After awhile she got up and washed her face in cold water, and began to get ready for Maude’s guest. Naturally Maude would expect her to wear the crêpe de Chine dress she had given her aunt as a birthday present, so Miss Carter opened the cupboard door, and there it was—a dark and elegant stranger, hanging there[Pg 285] with a sort of disdainful air among the sensible, sturdy linens and cottons.

She brought it out, took off her loose, comfortable house dress, and struggled into the crêpe de Chine.

“A slip-on-dress,” Maude had called it.

“A squirm-on dress, I should say!” thought Miss Carter.
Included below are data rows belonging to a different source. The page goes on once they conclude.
(* Under the standing assumptions below, $\sum_{i=1}^\infty\frac{a_i\pi_i}{a_i+a_j}=1$ for every $j\in\mathbb{N}$.
   Context: Standing assumptions: $X$ is one of $\ell^p$ ($1\le p\le\infty$), $c$, $c_0$; $(a_n)$ strictly decreasing positive reals, $a_n\to0$; $b=(b_n)\in X$ with $b_n>0$; $\pi_n:=2\prod_{m\ge1,\,m\ne n}\frac{1+a_m/a_n}{1-a_m/a_n}$ with $\pi\in\ell^\infty$; $\phi_{ij}:=\frac{b_i/b_j}{1+a_i/a_j}$ satisfies $\phi_{ij}\le C\mu^{|i-j|}$ for some $C>0$, $\mu\in(0,1)$. *)

theory Defs
  imports "HOL-Analysis.Analysis"
begin

text \<open>The sequence spaces X: l^p (1 <= p < infinity), l^infinity, c, c_0.
  Sequences are indexed from 0 (the paper indexes from 1).\<close>

datatype seq_space = Lp real | Linf | Cconv | Czero

fun in_seq_space :: "seq_space \<Rightarrow> (nat \<Rightarrow> real) \<Rightarrow> bool" where
  "in_seq_space (Lp p) x = summable (\<lambda>n. \<bar>x n\<bar> powr p)"
| "in_seq_space Linf x = Bseq x"
| "in_seq_space Cconv x = convergent x"
| "in_seq_space Czero x = (x \<longlonglongrightarrow> 0)"

fun valid_space :: "seq_space \<Rightarrow> bool" where
  "valid_space (Lp p) = (1 \<le> p)"
| "valid_space _ = True"

definition pi_factor :: "(nat \<Rightarrow> real) \<Rightarrow> nat \<Rightarrow> nat \<Rightarrow> real" where
  "pi_factor a n m = (if m = n then 1 else (1 + a m / a n) / (1 - a m / a n))"

definition pi_seq :: "(nat \<Rightarrow> real) \<Rightarrow> nat \<Rightarrow> real" where
  "pi_seq a n = 2 * prodinf (pi_factor a n)"

definition phi :: "(nat \<Rightarrow> real) \<Rightarrow> (nat \<Rightarrow> real) \<Rightarrow> nat \<Rightarrow> nat \<Rightarrow> real" where
  "phi a b i j = (b i / b j) / (1 + a i / a j)"

end

theory Submission
  imports Defs
begin

(* Partial fractions give, for distinct x_m,
     prod_{m<N} (z + x_m) / (z - x_m) = 1 + sum_{i<N} x_i pi^N_i / (z - x_i),
   where pi^N_i = 2 prod_{m<N, m<>i} (x_i + x_m) / (x_i - x_m) is the truncated product
   defining pi_i. At z = -a_j with j < N the left side vanishes, which is the theorem with
   all sums cut off at N. Letting N -> infinity is Tannery's theorem: every factor of pi_i
   has modulus at least 1, so |pi^N_i| <= |pi_i| stays bounded, and the convergence of the
   product pi_0 forces sum_m a_m < infinity, a summable majorant. *)

lemma partial_fraction_step:
  fixes c x y z :: "'a::field"
  assumes "z \<noteq> x" "z \<noteq> y" "x \<noteq> y"
  shows "c / (z - x) * ((z + y) / (z - y))
       = c * ((x + y) / (x - y)) / (z - x) + 2 * y * (c / (y - x)) / (z - y)"
proof -
  have "z - x \<noteq> 0" "z - y \<noteq> 0" "x - y \<noteq> 0" "y - x \<noteq> 0" using assms by auto
  then show ?thesis by (simp add: divide_simps) (simp add: algebra_simps)
qed

lemma prod_partial_fractions:
  fixes x :: "nat \<Rightarrow> 'a::field"
  assumes "inj_on x {..<N}" "\<And>i. i < N \<Longrightarrow> z \<noteq> x i"
  shows "(\<Prod>m<N. (z + x m) / (z - x m))
       = 1 + (\<Sum>i<N. 2 * x i * (\<Prod>m\<in>{..<N} - {i}. (x i + x m) / (x i - x m)) / (z - x i))"
  using assms
proof (induction N arbitrary: z)
  case 0
  then show ?case by simp
next
  case (Suc N)
  define y where "y = x N"
  define c where "c i = 2 * x i * (\<Prod>m\<in>{..<N} - {i}. (x i + x m) / (x i - x m))" for i
  have inj: "inj_on x {..<N}" using Suc.prems(1) by (rule inj_on_subset) auto
  have xy: "x i \<noteq> y" if "i < N" for i
    using Suc.prems(1) that unfolding y_def by (auto dest: inj_onD)
  have zy: "z \<noteq> y" and zx: "\<And>i. i < N \<Longrightarrow> z \<noteq> x i"
    using Suc.prems(2) unfolding y_def by auto
  have IH_z: "(\<Prod>m<N. (z + x m) / (z - x m)) = 1 + (\<Sum>i<N. c i / (z - x i))"
    unfolding c_def using Suc.IH[OF inj zx] .
  have IH_y: "(\<Prod>m<N. (y + x m) / (y - x m)) = 1 + (\<Sum>i<N. c i / (y - x i))"
    unfolding c_def by (rule Suc.IH[OF inj]) (use xy in fastforce)
  have c_Suc: "2 * x i * (\<Prod>m\<in>{..<Suc N} - {i}. (x i + x m) / (x i - x m))
             = c i * ((x i + y) / (x i - y))" if "i < N" for i
  proof -
    have "{..<Suc N} - {i} = insert N ({..<N} - {i})" using that by auto
    then show ?thesis unfolding c_def y_def by (simp add: ac_simps)
  qed
  have c_N: "2 * y * (\<Prod>m\<in>{..<Suc N} - {N}. (y + x m) / (y - x m))
           = 2 * y * (1 + (\<Sum>i<N. c i / (y - x i)))"
    using IH_y by (simp add: lessThan_Suc)
  have split_z: "(z + y) / (z - y) = 1 + 2 * y / (z - y)"
    using zy by (simp add: field_simps)
  have sum_z: "(\<Sum>i<N. c i / (z - x i) * ((z + y) / (z - y)))
      = (\<Sum>i<N. c i * ((x i + y) / (x i - y)) / (z - x i) + 2 * y * (c i / (y - x i)) / (z - y))"
    by (intro sum.cong refl partial_fraction_step zx zy xy) simp_all
  have sum_y: "(\<Sum>i<N. 2 * y * (c i / (y - x i)) / (z - y)) = 2 * y * (\<Sum>i<N. c i / (y - x i)) / (z - y)"
    by (simp only: sum_divide_distrib[symmetric] sum_distrib_left[symmetric])
  have "(\<Prod>m<Suc N. (z + x m) / (z - x m)) = (1 + (\<Sum>i<N. c i / (z - x i))) * ((z + y) / (z - y))"
    using IH_z unfolding y_def by simp
  also have "\<dots> = (z + y) / (z - y) + (\<Sum>i<N. c i / (z - x i) * ((z + y) / (z - y)))"
    by (simp only: distrib_right sum_distrib_right mult_1_left)
  also have "\<dots> = 1 + 2 * y / (z - y)
      + (\<Sum>i<N. c i * ((x i + y) / (x i - y)) / (z - x i) + 2 * y * (c i / (y - x i)) / (z - y))"
    by (subst sum_z) (simp only: split_z)
  also have "\<dots> = 1 + ((\<Sum>i<N. c i * ((x i + y) / (x i - y)) / (z - x i))
      + 2 * y * (1 + (\<Sum>i<N. c i / (y - x i))) / (z - y))"
    by (simp only: sum.distrib sum_y) (simp add: add_divide_distrib distrib_left ac_simps)
  also have "\<dots> = 1 + (\<Sum>i<Suc N. 2 * x i * (\<Prod>m\<in>{..<Suc N} - {i}. (x i + x m) / (x i - x m)) / (z - x i))"
    unfolding sum.lessThan_Suc y_def[symmetric] c_N by (simp add: c_Suc)
  finally show ?case .
qed

definition pi_partial :: "(nat \<Rightarrow> real) \<Rightarrow> nat \<Rightarrow> nat \<Rightarrow> real" where
  "pi_partial a N n = 2 * (\<Prod>m<N. pi_factor a n m)"

lemma pi_factor_eq:
  assumes "m \<noteq> n" "a n \<noteq> 0"
  shows "pi_factor a n m = (a n + a m) / (a n - a m)"
  using assms by (simp add: pi_factor_def divide_simps)

lemma pi_partial_eq_prod:
  assumes "a n \<noteq> 0"
  shows "pi_partial a N n = 2 * (\<Prod>m\<in>{..<N} - {n}. (a n + a m) / (a n - a m))"
proof -
  have "(\<Prod>m<N. pi_factor a n m) = (\<Prod>m\<in>{..<N} - {n}. pi_factor a n m)"
    by (rule prod.mono_neutral_right) (auto simp: pi_factor_def)
  also have "\<dots> = (\<Prod>m\<in>{..<N} - {n}. (a n + a m) / (a n - a m))"
    using assms by (intro prod.cong refl pi_factor_eq) auto
  finally show ?thesis by (simp add: pi_partial_def)
qed

lemma sum_pi_partial_eq_1:
  fixes a :: "nat \<Rightarrow> real"
  assumes a_pos: "\<And>n. a n > 0" and inj: "inj_on a {..<N}" and "j < N"
  shows "(\<Sum>i<N. a i * pi_partial a N i / (a i + a j)) = 1"
proof -
  have "0 = (\<Prod>m<N. (- a j + a m) / (- a j - a m))"
    using \<open>j < N\<close> by (intro prod_zero[symmetric]) auto
  also have "\<dots> = 1 + (\<Sum>i<N. 2 * a i * (\<Prod>m\<in>{..<N} - {i}. (a i + a m) / (a i - a m)) / (- a j - a i))"
  proof (rule prod_partial_fractions[OF inj])
    show "- a j \<noteq> a i" for i
      using a_pos[of i] a_pos[of j] by linarith
  qed
  also have "\<dots> = 1 - (\<Sum>i<N. a i * pi_partial a N i / (a i + a j))"
  proof -
    have "2 * a i * (\<Prod>m\<in>{..<N} - {i}. (a i + a m) / (a i - a m)) / (- a j - a i)
        = - (a i * pi_partial a N i / (a i + a j))" for i
      using a_pos[of i] a_pos[of j] by (simp add: pi_partial_eq_prod field_simps)
    then show ?thesis by (simp add: sum_negf[symmetric])
  qed
  finally show ?thesis by simp
qed

lemma norm_prod_le_norm_prodinf:
  fixes f :: "nat \<Rightarrow> 'a::real_normed_field"
  assumes "convergent_prod f" "\<And>m. 1 \<le> norm (f m)"
  shows "norm (\<Prod>m<n. f m) \<le> norm (prodinf f)"
proof (rule incseq_le)
  show "incseq (\<lambda>n. norm (\<Prod>m<n. f m))"
  proof (rule incseq_SucI)
    fix n
    have "norm (\<Prod>m<n. f m) * 1 \<le> norm (\<Prod>m<n. f m) * norm (f n)"
      using assms(2) by (intro mult_left_mono) auto
    then show "norm (\<Prod>m<n. f m) \<le> norm (\<Prod>m<Suc n. f m)"
      by (simp add: norm_mult)
  qed
  have "(\<lambda>n. \<Prod>m<n. f m) \<longlonglongrightarrow> prodinf f"
    using convergent_prod_LIMSEQ[OF assms(1)] by (simp add: LIMSEQ_lessThan_iff_atMost)
  then show "(\<lambda>n. norm (\<Prod>m<n. f m)) \<longlonglongrightarrow> norm (prodinf f)"
    by (rule tendsto_norm)
qed

lemma abs_pi_factor_ge_1:
  fixes a :: "nat \<Rightarrow> real"
  assumes "\<And>n. a n > 0" "inj a"
  shows "1 \<le> \<bar>pi_factor a n m\<bar>"
proof (cases "m = n")
  case False
  then have "a m \<noteq> a n" using assms(2) by (auto dest: injD)
  then have "\<bar>a n - a m\<bar> \<le> \<bar>a n + a m\<bar>" "\<bar>a n - a m\<bar> > 0"
    using assms(1)[of m] assms(1)[of n] by auto
  then show ?thesis
    using False assms(1)[of n] by (simp add: pi_factor_eq abs_divide le_divide_eq)
qed (simp add: pi_factor_def)

lemma pi_partial_LIMSEQ:
  assumes "convergent_prod (pi_factor a n)"
  shows "(\<lambda>N. pi_partial a N n) \<longlonglongrightarrow> pi_seq a n"
  using convergent_prod_LIMSEQ[OF assms]
  unfolding pi_partial_def pi_seq_def LIMSEQ_lessThan_iff_atMost[symmetric]
  by (intro tendsto_mult tendsto_const)

lemma abs_pi_partial_le:
  fixes a :: "nat \<Rightarrow> real"
  assumes "\<And>n. a n > 0" "inj a" "convergent_prod (pi_factor a n)"
  shows "\<bar>pi_partial a N n\<bar> \<le> \<bar>pi_seq a n\<bar>"
proof -
  have "\<bar>\<Prod>m<N. pi_factor a n m\<bar> \<le> \<bar>prodinf (pi_factor a n)\<bar>"
    using norm_prod_le_norm_prodinf[OF assms(3)] abs_pi_factor_ge_1[OF assms(1,2)] by simp
  then show ?thesis by (simp add: pi_partial_def pi_seq_def abs_mult)
qed

lemma convergent_prod_pi_factor_imp_summable:
  fixes a :: "nat \<Rightarrow> real"
  assumes a_pos: "\<And>m. a m > 0" and a_max: "\<And>m. m \<noteq> n \<Longrightarrow> a m < a n"
    and conv: "convergent_prod (pi_factor a n)"
  shows "summable a"
proof -
  have factor_minus_1: "pi_factor a n m - 1 = 2 * a m / (a n - a m)" if "m \<noteq> n" for m
    using that a_max[OF that] a_pos[of n] by (simp add: pi_factor_eq field_simps)
  have "pi_factor a n m \<ge> 1" for m
    using factor_minus_1[of m] a_max[of m] a_pos[of m] by (cases "m = n") (auto simp: pi_factor_def)
  then have "abs_convergent_prod (pi_factor a n)"
    using conv unfolding abs_convergent_prod_def by simp
  then have "summable (\<lambda>m. a n / 2 * \<bar>pi_factor a n m - 1\<bar>)"
    by (intro summable_mult) (use abs_convergent_prod_imp_summable in force)
  moreover have "\<forall>\<^sub>F m in sequentially. norm (a m) \<le> a n / 2 * \<bar>pi_factor a n m - 1\<bar>"
    using eventually_gt_at_top[of n]
  proof eventually_elim
    case (elim m)
    then have "m \<noteq> n" by simp
    have "a m * (a n - a m) \<le> a m * a n"
      using a_pos[of m] by (intro mult_left_mono) auto
    then show ?case
      using a_max[OF \<open>m \<noteq> n\<close>] a_pos[of m] by (simp add: factor_minus_1[OF \<open>m \<noteq> n\<close>] le_divide_eq)
  qed
  ultimately show ?thesis
    by (rule summable_comparison_test_ev[rotated])
qed

lemma sums_of_dominated_finite_sums:
  fixes F :: "nat \<Rightarrow> nat \<Rightarrow> 'a::{real_normed_algebra, banach}"
  assumes lim: "\<And>k. (\<lambda>n. F n k) \<longlonglongrightarrow> g k"
    and bound: "\<And>n k. norm (F n k) \<le> M k" and "summable M"
    and eventually_s: "\<forall>\<^sub>F n in sequentially. (\<Sum>k<n. F n k) = s"
  shows "g sums s"
proof -
  define f where "f k n = (if k < n then F n k else 0)" for k n
  have lim_f: "(\<lambda>n. f k n) \<longlonglongrightarrow> g k" for k
  proof (rule Lim_transform_eventually[OF lim])
    show "\<forall>\<^sub>F n in sequentially. F n k = f k n"
      using eventually_gt_at_top[of k] by eventually_elim (simp add: f_def)
  qed
  have "\<forall>\<^sub>F (k, n) in at_top \<times>\<^sub>F sequentially. norm (f k n) \<le> M k"
    using bound order_trans[OF norm_ge_zero bound] by (intro always_eventually) (auto simp: f_def)
  then have tannery: "summable (\<lambda>k. norm (g k)) \<and> (\<lambda>n. \<Sum>k. f k n) \<longlonglongrightarrow> suminf g"
    using tannerys_theorem[OF lim_f _ \<open>summable M\<close>] by simp
  have "(\<Sum>k. f k n) = (\<Sum>k<n. F n k)" for n
    by (subst suminf_finite[of "{..<n}"]) (auto simp: f_def)
  then have "(\<lambda>n. \<Sum>k. f k n) \<longlonglongrightarrow> s"
    using eventually_s by (auto intro: tendsto_eventually)
  then have "suminf g = s"
    using tannery LIMSEQ_unique by blast
  with tannery show ?thesis
    using summable_norm_cancel summable_sums by blast
qed

lemma abs_pi_partial_term_le:
  fixes a :: "nat \<Rightarrow> real"
  assumes a_pos: "\<And>n. a n > 0" and "inj a" "convergent_prod (pi_factor a k)"
    and "\<bar>pi_seq a k\<bar> \<le> B"
  shows "\<bar>a k * pi_partial a N k / (a k + a j)\<bar> \<le> B / a j * a k"
proof -
  have "\<bar>pi_partial a N k\<bar> \<le> B"
    using abs_pi_partial_le[OF assms(1-3)] assms(4) by (rule order_trans)
  then have "a k * \<bar>pi_partial a N k\<bar> / (a k + a j) \<le> a k * B / a j"
    using a_pos[of k] a_pos[of j] by (intro frac_le mult_left_mono) auto
  then show ?thesis
    using a_pos[of k] a_pos[of j] by (simp add: abs_mult mult.commute)
qed

lemma pi_seq_weighted_sums_1:
  fixes a :: "nat \<Rightarrow> real"
  assumes a_pos: "\<And>n. a n > 0" and a_dec: "\<And>n. a (Suc n) < a n"
    and pi_conv: "\<And>n. convergent_prod (pi_factor a n)" and pi_bdd: "Bseq (pi_seq a)"
  shows "(\<lambda>i. a i * pi_seq a i / (a i + a j)) sums 1"
proof -
  have a_less: "a n < a m" if "m < n" for m n
    using lift_Suc_mono_less[of "\<lambda>n. - a n"] a_dec that by force
  then have inj: "inj a"
    by (metis injI linorder_neqE_nat less_irrefl)
  have "summable a"
    using a_pos _ pi_conv[of 0] by (rule convergent_prod_pi_factor_imp_summable) (simp add: a_less)
  obtain B where B: "\<And>n. \<bar>pi_seq a n\<bar> \<le> B"
    using pi_bdd by (auto simp: Bseq_def)
  show ?thesis
  proof (rule sums_of_dominated_finite_sums[where F = "\<lambda>N k. a k * pi_partial a N k / (a k + a j)"
        and M = "\<lambda>k. B / a j * a k"])
    show "(\<lambda>N. a k * pi_partial a N k / (a k + a j)) \<longlonglongrightarrow> a k * pi_seq a k / (a k + a j)" for k
      using a_pos[of k] a_pos[of j] by (intro tendsto_intros pi_partial_LIMSEQ pi_conv) auto
    show "norm (a k * pi_partial a N k / (a k + a j)) \<le> B / a j * a k" for N k
      using abs_pi_partial_term_le[OF a_pos inj pi_conv B] by simp
    show "summable (\<lambda>k. B / a j * a k)"
      using \<open>summable a\<close> by (rule summable_mult)
    show "\<forall>\<^sub>F N in sequentially. (\<Sum>k<N. a k * pi_partial a N k / (a k + a j)) = 1"
      using eventually_gt_at_top[of j]
      by eventually_elim (rule sum_pi_partial_eq_1[OF a_pos inj_on_subset[OF inj]], auto)
  qed
qed

theorem mainTheorem13:
  fixes X :: seq_space and a b :: "nat \<Rightarrow> real"
  assumes X: "valid_space X"
    and a_pos: "\<And>n. a n > 0"
    and a_dec: "\<And>n. a (Suc n) < a n"
    and a_lim: "a \<longlonglongrightarrow> 0"
    and b_X: "in_seq_space X b"
    and b_pos: "\<And>n. b n > 0"
    and pi_conv: "\<And>n. convergent_prod (pi_factor a n)"
    and pi_bdd: "Bseq (pi_seq a)"
    and phi_bd: "\<exists>C > 0. \<exists>\<mu>. 0 < \<mu> \<and> \<mu> < 1 \<and>
                   (\<forall>i j. phi a b i j \<le> C * \<mu> ^ (max i j - min i j))"
  shows "\<forall>j. (\<lambda>i. a i * pi_seq a i / (a i + a j)) sums 1"
  using pi_seq_weighted_sums_1[OF a_pos a_dec pi_conv pi_bdd] by blast

end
She did not like herself in that dress. She looked at her image in the mirror, and she did not like it. A sturdy little woman she was, straight as an arrow. Her face, with its small, clear, regular features and healthy color, and those very blue eyes of hers, was quite as pretty as it had been fifteen years ago—perhaps even more so, because of the patience and the compassion she had learned; but she had long ago forgotten to think about being pretty. She noted nothing except the dress, which didn’t suit her.

“Specially designed upon long, slender lines,” Maude had said.

“And I’m not!” thought Miss Carter. “What’s the sense in a dress being long and slender, if the person inside it is short and”—she paused—“and roly-poly,” she added firmly. “That’s what I am!”

She covered up all this magnificence with a big checked apron, and went down into the kitchen again. The dinners that she prepared for Maude every night were so good that it was scarcely possible to improve upon them, but this evening she intended to try. She intended to outdo herself for Maude’s Mr. Rhodes.

From the garden she picked enough early June peas to make cream-of-pea soup. The chicken, which she had intended to roast, was not, she thought, quite large enough for three, so she made it into a fricassee, with dumplings beyond description. Then she had a dish of wax beans, and a dish of asparagus, cooked to perfection and seasoned only with plenty of butter, and potatoes most marvelously fried, and she made fresh strawberry ice cream. When you consider what it meant to crack ice and turn the freezer, in that dress with long, tight sleeves and floating things that hung from the shoulders—

She didn’t dare to take it off, though, for fear of their coming by an early train, because she knew that even more than a superb dinner Maude would want to see her aunt in all her glory.

Then she laid the table with her finest tablecloth and her grandmother’s china, and with every rose in the garden in a bowl in the center. She really was pleased with the result.